1. The Field Of The Invention
The present invention relates to cable having low crosstalk characteristics and in particular to multi-conductor cable, such as the twenty-five pair cable commonly used in balanced systems including telephone applications.
2. The Prior Art
A well known method to reduce crosstalk between pairs of conductors is to employ a twisted pair concept in which the individual pairs of conductors are loosely twisted about one another. This concept is carried over into multi-conductor cable such as the twenty-five pair cable used in telephone applications with the adjacent pairs in the cable having different twist lengths.

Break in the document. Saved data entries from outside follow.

(* Suppose $f$ is $L_f$-smooth, $\mathbf{c}$ is $L_c$-smooth, and there exist $C,G>0$ such that for all $\mathbf{x}$: $\|\nabla f(\mathbf{x})\|\le G$, all subgradients of $h$ and $g$ have norm at most $G$, $\|\nabla\mathbf{c}(\mathbf{x})\|\le G$, $\|\mathbf{c}(\mathbf{x})\|\le C$. Then for any $k\ge0$, $\|\mathbf{u}^{k+1}\|^2\le3\|\mathbf{e}^k\|^2+3(L_{\rho_k}^2+(\mu_k\beta)^{-2})\|\mathbf{w}^{k+1}-\mathbf{w}^k\|^2$, and $\max\{\|\mathbf{u}^{k+1}\|^2,\|\mathbf{x}^{k+1}-\mathrm{prox}_{\mu_kg}(\mathbf{z}^k)\|^2\}\le3\|\mathbf{e}^k\|^2+\bigl(3(L_{\rho_k}^2+(\mu_k\beta)^{-2})+\beta^{-2}\bigr)\|\mathbf{w}^{k+1}-\mathbf{w}^k\|^2$.
   Context: Problem: $\min f(\mathbf{x})+h(\mathbf{x})-g(\mathbf{x})$ s.t. $\mathbf{c}(\mathbf{x})=\mathbf{0}$, $f=\mathbb{E}_\xi[\mathbf{f}(\cdot,\xi)]$, $h,g$ proper closed convex. $Q_\rho(\mathbf{x})=f(\mathbf{x})+\frac{\rho}{2}\|\mathbf{c}(\mathbf{x})\|^2$, $L_\rho$-smooth with $L_\rho=\rho(\rho_0^{-1}L_f+G^2+CL_c)$. Iterates $\mathbf{w}^k=(\mathbf{x}^k,\mathbf{z}^k)$ of MoSSP-P or MoSSP-R: $\mathbf{x}^{k+1}=\mathrm{prox}_{\mu_kh}(\mathbf{z}^k-\mu_k\mathbf{G}^k)$, $\mathbf{z}^{k+1}=\mathbf{z}^k-\beta(\mathrm{prox}_{\mu_kg}(\mathbf{z}^k)-\mathbf{x}^{k+1})$, with $\mathbf{G}^k$ the Polyak-momentum estimator $\mathbf{S}^k$ or recursive-momentum estimator $\mathbf{D}^k$ of $\nabla Q_{\rho_k}(\mathbf{x}^k)$; $\mathbf{e}^k:=\mathbf{G}^k-\nabla Q_{\rho_k}(\mathbf{x}^k)$; $\mathbf{u}^{k+1}:=\nabla Q_{\rho_k}(\mathbf{x}^{k+1})-\mathbf{G}^k+\mu_k^{-1}(\mathrm{prox}_{\mu_kg}(\mathbf{z}^k)-\mathbf{x}^{k+1})$, which lies in $\partial(Q_{\rho_k}+h)(\mathbf{x}^{k+1})-\partial g(\mathrm{prox}_{\mu_kg}(\mathbf{z}^k))$. *)

theory Defs
  imports "HOL-Analysis.Analysis" "HOL-Library.Extended_Real"
begin

definition proper_fun :: "('a::euclidean_space \<Rightarrow> ereal) \<Rightarrow> bool" where
  "proper_fun h \<longleftrightarrow> (\<forall>x. h x \<noteq> -\<infinity>) \<and> (\<exists>x. h x \<noteq> \<infinity>)"

definition closed_fun :: "('a::euclidean_space \<Rightarrow> ereal) \<Rightarrow> bool" where
  "closed_fun h \<longleftrightarrow> (\<forall>x X. X \<longlonglongrightarrow> x \<longrightarrow> h x \<le> liminf (\<lambda>n. h (X n)))"

definition convex_fun :: "('a::euclidean_space \<Rightarrow> ereal) \<Rightarrow> bool" where
  "convex_fun h \<longleftrightarrow> (\<forall>x y t. 0 \<le> t \<and> t \<le> 1 \<longrightarrow>
      h ((1 - t) *\<^sub>R x + t *\<^sub>R y) \<le> ereal (1 - t) * h x + ereal t * h y)"

definition subdiff :: "('a::euclidean_space \<Rightarrow> ereal) \<Rightarrow> 'a \<Rightarrow> 'a set" where
  "subdiff h x = {s. h x \<noteq> \<infinity> \<and> (\<forall>y. h x + ereal (s \<bullet> (y - x)) \<le> h y)}"

definition prox :: "real \<Rightarrow> ('a::euclidean_space \<Rightarrow> ereal) \<Rightarrow> 'a \<Rightarrow> 'a" where
  "prox \<mu> h v = (THE p. \<forall>y. h p + ereal ((norm (p - v))\<^sup>2 / (2 * \<mu>))
                              \<le> h y + ereal ((norm (y - v))\<^sup>2 / (2 * \<mu>)))"

text \<open>Penalty function Q_rho(x) = f(x) + rho/2 ||c(x)||^2 and its smoothness constant.\<close>

definition Qpen :: "('a::euclidean_space \<Rightarrow> real) \<Rightarrow> ('a \<Rightarrow> 'b::euclidean_space) \<Rightarrow> real \<Rightarrow> 'a \<Rightarrow> real" where
  "Qpen f c \<rho> x = f x + \<rho> / 2 * (norm (c x))\<^sup>2"

definition Lrho :: "real \<Rightarrow> real \<Rightarrow> real \<Rightarrow> real \<Rightarrow> real \<Rightarrow> real \<Rightarrow> real" where
  "Lrho \<rho>0 Lf G C Lc \<rho> = \<rho> * (Lf / \<rho>0 + G\<^sup>2 + C * Lc)"

end

theory Submission
  imports Defs
begin

text \<open>Write \<open>x, z\<close> for the current iterate, \<open>x', z'\<close> for the next one, \<open>p = prox\<^sub>\<mu>\<^sub>g(z)\<close>
  and \<open>Q = Q\<^sub>\<rho>\<close>. The gradient \<open>\<nabla>Q(y) = \<nabla>f(y) + \<rho> Dc(y)\<^sup>T c(y)\<close> is
  \<open>(L\<^sub>f + \<rho> (G\<^sup>2 + C L\<^sub>c))\<close>-Lipschitz, a constant bounded by \<open>L\<^sub>\<rho>\<close> because \<open>\<rho> \<ge> \<rho>\<^sub>0\<close>.
  The \<open>z\<close>-update gives \<open>p - x' = -(z' - z) / \<beta>\<close>, hence
  \<open>u = (\<nabla>Q(x') - \<nabla>Q(x)) - e - (z' - z) / (\<mu> \<beta>)\<close>, and \<open>(a + b + c)\<^sup>2 \<le> 3 (a\<^sup>2 + b\<^sup>2 + c\<^sup>2)\<close>
  yields the first bound; the second adds \<open>\<parallel>x' - p\<parallel>\<^sup>2 = \<beta>\<^sup>-\<^sup>2 \<parallel>z' - z\<parallel>\<^sup>2\<close>.\<close>

lemma sum3_power2_le: "((a::real) + b + c)\<^sup>2 \<le> 3 * (a\<^sup>2 + b\<^sup>2 + c\<^sup>2)"
proof -
  have "0 \<le> (a - b)\<^sup>2 + (b - c)\<^sup>2 + (a - c)\<^sup>2" by simp
  then show ?thesis by (simp add: power2_eq_square algebra_simps)
qed

lemma lipschitz_const_nonneg:
  fixes F :: "'a::euclidean_space \<Rightarrow> 'b::real_normed_vector"
  assumes "\<And>y y'. norm (F y - F y') \<le> L * norm (y - y')"
  shows "L \<ge> 0"
proof -
  obtain b :: 'a where "b \<in> Basis" using nonempty_Basis by blast
  then have "norm (b - 0) > 0" by auto
  moreover have "0 \<le> L * norm (b - 0)"
    using assms[of b 0] norm_ge_zero[of "F b - F 0"] by linarith
  ultimately show ?thesis by (simp add: zero_le_mult_iff)
qed

lemma norm_le_if_inner_le:
  fixes d :: "'a::euclidean_space"
  assumes "\<And>v. \<bar>d \<bullet> v\<bar> \<le> K * norm v"
  shows "norm d \<le> K"
proof (cases "d = 0")
  case True
  obtain b :: 'a where "b \<in> Basis" using nonempty_Basis by blast
  then show ?thesis using True assms[of b] by simp
next
  case False
  have "norm d * norm d \<le> K * norm d"
    using assms[of d] by (simp add: power2_norm_eq_inner[symmetric] power2_eq_square)
  then show ?thesis using False by simp
qed

lemma abs_inner_blinfun_le: "\<bar>a \<bullet> blinfun_apply D v\<bar> \<le> norm a * norm D * norm v"
proof -
  have "\<bar>a \<bullet> D v\<bar> \<le> norm a * norm (D v)" by (rule Cauchy_Schwarz_ineq2)
  also have "\<dots> \<le> norm a * (norm D * norm v)" by (intro mult_left_mono norm_blinfun) simp
  finally show ?thesis by (simp add: mult.assoc)
qed

lemma has_derivative_bounded_imp_lipschitz:
  fixes c :: "'a::euclidean_space \<Rightarrow> 'b::euclidean_space"
  assumes "\<And>y. (c has_derivative blinfun_apply (Dc y)) (at y)"
    and "\<And>y. norm (Dc y) \<le> G"
  shows "norm (c y - c y') \<le> G * norm (y - y')"
proof (rule differentiable_bound[where S = UNIV and f' = "\<lambda>y. blinfun_apply (Dc y)"])
  show "\<And>x. x \<in> UNIV \<Longrightarrow> (c has_derivative blinfun_apply (Dc x)) (at x within UNIV)"
    using assms(1) by simp
  show "\<And>x. x \<in> UNIV \<Longrightarrow> onorm (blinfun_apply (Dc x)) \<le> G"
    using assms(2) by (simp add: norm_blinfun.rep_eq[symmetric])
qed auto

lemma gderiv_Qpen_inner:
  fixes f :: "'a::euclidean_space \<Rightarrow> real" and c :: "'a \<Rightarrow> 'b::euclidean_space"
  assumes f_grad: "GDERIV f y :> gf"
    and c_deriv: "(c has_derivative blinfun_apply D) (at y)"
    and Q_grad: "GDERIV (Qpen f c r) y :> q"
  shows "q \<bullet> v = gf \<bullet> v + r * (c y \<bullet> D v)"
proof -
  have Qpen_eq: "Qpen f c r = (\<lambda>x. f x + r / 2 * (c x \<bullet> c x))"
    by (auto simp: Qpen_def fun_eq_iff power2_norm_eq_inner)
  have f_deriv: "(f has_derivative (\<lambda>h. h \<bullet> gf)) (at y)"
    using f_grad by (simp add: gderiv_def)
  have "(Qpen f c r has_derivative (\<lambda>h. h \<bullet> gf + r / 2 * (c y \<bullet> D h + D h \<bullet> c y))) (at y)"
    unfolding Qpen_eq by (intro derivative_intros f_deriv c_deriv)
  moreover have "(Qpen f c r has_derivative (\<lambda>h. h \<bullet> q)) (at y)"
    using Q_grad by (simp add: gderiv_def)
  ultimately have "(\<lambda>h. h \<bullet> gf + r / 2 * (c y \<bullet> D h + D h \<bullet> c y)) = (\<lambda>h. h \<bullet> q)"
    by (rule has_derivative_unique)
  from fun_cong[OF this, of v] show ?thesis by (simp add: inner_commute)
qed

lemma gderiv_Qpen_lipschitz:
  fixes f :: "'a::euclidean_space \<Rightarrow> real" and c :: "'a \<Rightarrow> 'b::euclidean_space"
  assumes f_grad: "\<And>y. GDERIV f y :> gf y"
    and f_smooth: "\<And>y y'. norm (gf y - gf y') \<le> Lf * norm (y - y')"
    and c_deriv: "\<And>y. (c has_derivative blinfun_apply (Dc y)) (at y)"
    and c_smooth: "\<And>y y'. norm (Dc y - Dc y') \<le> Lc * norm (y - y')"
    and Dc_bound: "\<And>y. norm (Dc y) \<le> G"
    and c_bound: "\<And>y. norm (c y) \<le> C"
    and Q_grad: "\<And>y. GDERIV (Qpen f c r) y :> gQ y"
    and r: "r \<ge> 0"
  shows "norm (gQ y - gQ y') \<le> (Lf + r * (G\<^sup>2 + C * Lc)) * norm (y - y')"
proof (rule norm_le_if_inner_le)
  \<comment> \<open>Testing against an arbitrary \<open>v\<close> keeps the adjoint of \<open>Dc y\<close> out of the argument.\<close>
  fix v
  define n where "n = norm (y - y')"
  have G: "G \<ge> 0" by (meson Dc_bound norm_ge_zero order_trans)
  have C: "C \<ge> 0" by (meson c_bound norm_ge_zero order_trans)
  have inner_split: "(gQ y - gQ y') \<bullet> v
      = (gf y - gf y') \<bullet> v + r * ((c y - c y') \<bullet> Dc y v + c y' \<bullet> (Dc y - Dc y') v)"
    using gderiv_Qpen_inner[OF f_grad c_deriv Q_grad, of y v]
      gderiv_Qpen_inner[OF f_grad c_deriv Q_grad, of y' v]
    by (simp add: inner_diff_left inner_diff_right blinfun.diff_left algebra_simps)
  have bound_f: "\<bar>(gf y - gf y') \<bullet> v\<bar> \<le> Lf * n * norm v"
    using Cauchy_Schwarz_ineq2[of "gf y - gf y'" v] f_smooth[of y y'] unfolding n_def
    by (meson mult_right_mono norm_ge_zero order_trans)
  have "\<bar>(c y - c y') \<bullet> Dc y v\<bar> \<le> norm (c y - c y') * norm (Dc y) * norm v"
    by (rule abs_inner_blinfun_le)
  also have "\<dots> \<le> (G * n) * G * norm v"
    using has_derivative_bounded_imp_lipschitz[OF c_deriv Dc_bound, of y y'] Dc_bound[of y] G
    unfolding n_def by (intro mult_right_mono mult_mono) auto
  finally have bound_c: "\<bar>(c y - c y') \<bullet> Dc y v\<bar> \<le> G\<^sup>2 * n * norm v"
    by (simp add: power2_eq_square algebra_simps)
  have "\<bar>c y' \<bullet> (Dc y - Dc y') v\<bar> \<le> norm (c y') * norm (Dc y - Dc y') * norm v"
    by (rule abs_inner_blinfun_le)
  also have "\<dots> \<le> C * (Lc * n) * norm v"
    using c_bound[of y'] c_smooth[of y y'] C unfolding n_def by (intro mult_right_mono mult_mono) auto
  finally have bound_Dc: "\<bar>c y' \<bullet> (Dc y - Dc y') v\<bar> \<le> C * Lc * n * norm v"
    by (simp add: algebra_simps)
  have "\<bar>(c y - c y') \<bullet> Dc y v + c y' \<bullet> (Dc y - Dc y') v\<bar> \<le> G\<^sup>2 * n * norm v + C * Lc * n * norm v"
    using abs_triangle_ineq[of "(c y - c y') \<bullet> Dc y v"] bound_c bound_Dc by linarith
  then have "r * \<bar>(c y - c y') \<bullet> Dc y v + c y' \<bullet> (Dc y - Dc y') v\<bar> \<le> r * ((G\<^sup>2 + C * Lc) * n * norm v)"
    using r by (intro mult_left_mono) (simp_all add: algebra_simps)
  then have "\<bar>(gQ y - gQ y') \<bullet> v\<bar> \<le> Lf * n * norm v + r * ((G\<^sup>2 + C * Lc) * n * norm v)"
    unfolding inner_split using bound_f r
      abs_triangle_ineq[of "(gf y - gf y') \<bullet> v" "r * ((c y - c y') \<bullet> Dc y v + c y' \<bullet> (Dc y - Dc y') v)"]
    by (simp add: abs_mult)
  then show "\<bar>(gQ y - gQ y') \<bullet> v\<bar> \<le> (Lf + r * (G\<^sup>2 + C * Lc)) * norm (y - y') * norm v"
    by (simp add: n_def algebra_simps)
qed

While this type of cable is effective in reducing the crosstalk in the cable it does have a number of significant disadvantages including the fact that it is generally difficult to make such a cable, since the manufacturing requires forming a number of pairs of twisted conductors and securing the pairs together by some means, such as a woven thread tying the pairs together as described in U.S. Pat. Nos. 1,941,121 and 3,627,903. More importantly it is quite difficult to terminate such a cable, even with sophisticated connectors such as those disclosed in U.S. Pat. Nos. 3,617,983; 3,760,335; 3,824,530; 3,808,582. The above-noted connectors are manufactured under the name Champ by AMP Incorporated of Harrisburg, Pennsylvania along with a line of tools for effecting the termination of multi-conductor cable with the connectors.
Even conventional multi-conductor cable, such as the standard twenty-five pair cable used by telephone systems and which does not have a twist built into the pairs of conductors, is often difficult to terminate. It takes even a skilled craftsman up to several minutes to make each termination, since the individual pairs of wires must be identified, separated, and inserted into the appropriate holding comb or contacts themselves. The obvious disadvantage to such a type of cable is the expensive labor involved in making the termination and the substantial impossibility of accomplishing such a termination by automated machinery.
A further disadvantage is that the currently used multi-conductor cable, of the type discussed above, is relatively bulky and must be run through partitions or through conduit. The bulk does not allow it to be installed in an inconspicuous manner in some desirable circumstances, such as being run under a carpet or along some other planar surface not provided with conduit. Such conditions can only be satisfied by the use of multi-conductor flat flexible cable.
One flat flexible cable which approaches the solution of the above problem is described in U.S. Pat. No. 3,764,727. The cable described therein is known as a pseudo-twisted pair cable with each of a pair of conductors being formed on opposite sides of a single substrate. Each of the pairs follows a prescribed meandering pattern so that effectively the pairs of conductors have a plurality of crossing points which, to a certain extent, simulates the capacitive effect obtained by a true twisted pair. While this cable is substantially less difficult to terminate than the previously described multi-conductor cables, it is still quite expensive to manufacture and the electrical characteristics of such a cable are not as good as had been expected. It should also be noted that this last named patent teaches that simply stacking cables will not effect a crosstalk decrease. Rather there must be an offset stacking of cables according to a prescribed formula in order to reduce crosstalk.
Another flat flexible cable which has been conceived includes separate layers of conductors held together by an outer jacket which extends across such layers to hold such layers together. One such construction is shown in U.S. Pat. No. 3,757,029. There is a problem with use of this kind of construction, however, in that cables having twenty-five or more conductors in each layer are sufficiently wide that outer jacket coverings cannot hold the conductors of the cable layers together toward the center of the cable. The layers tend to part and shift relative position as the cable is flexed in use. This precludes precision placement of conductors in use necessary to maintain the kind of crosstalk reduction achieved by controlled placement of conductor pairs called for in the present invention.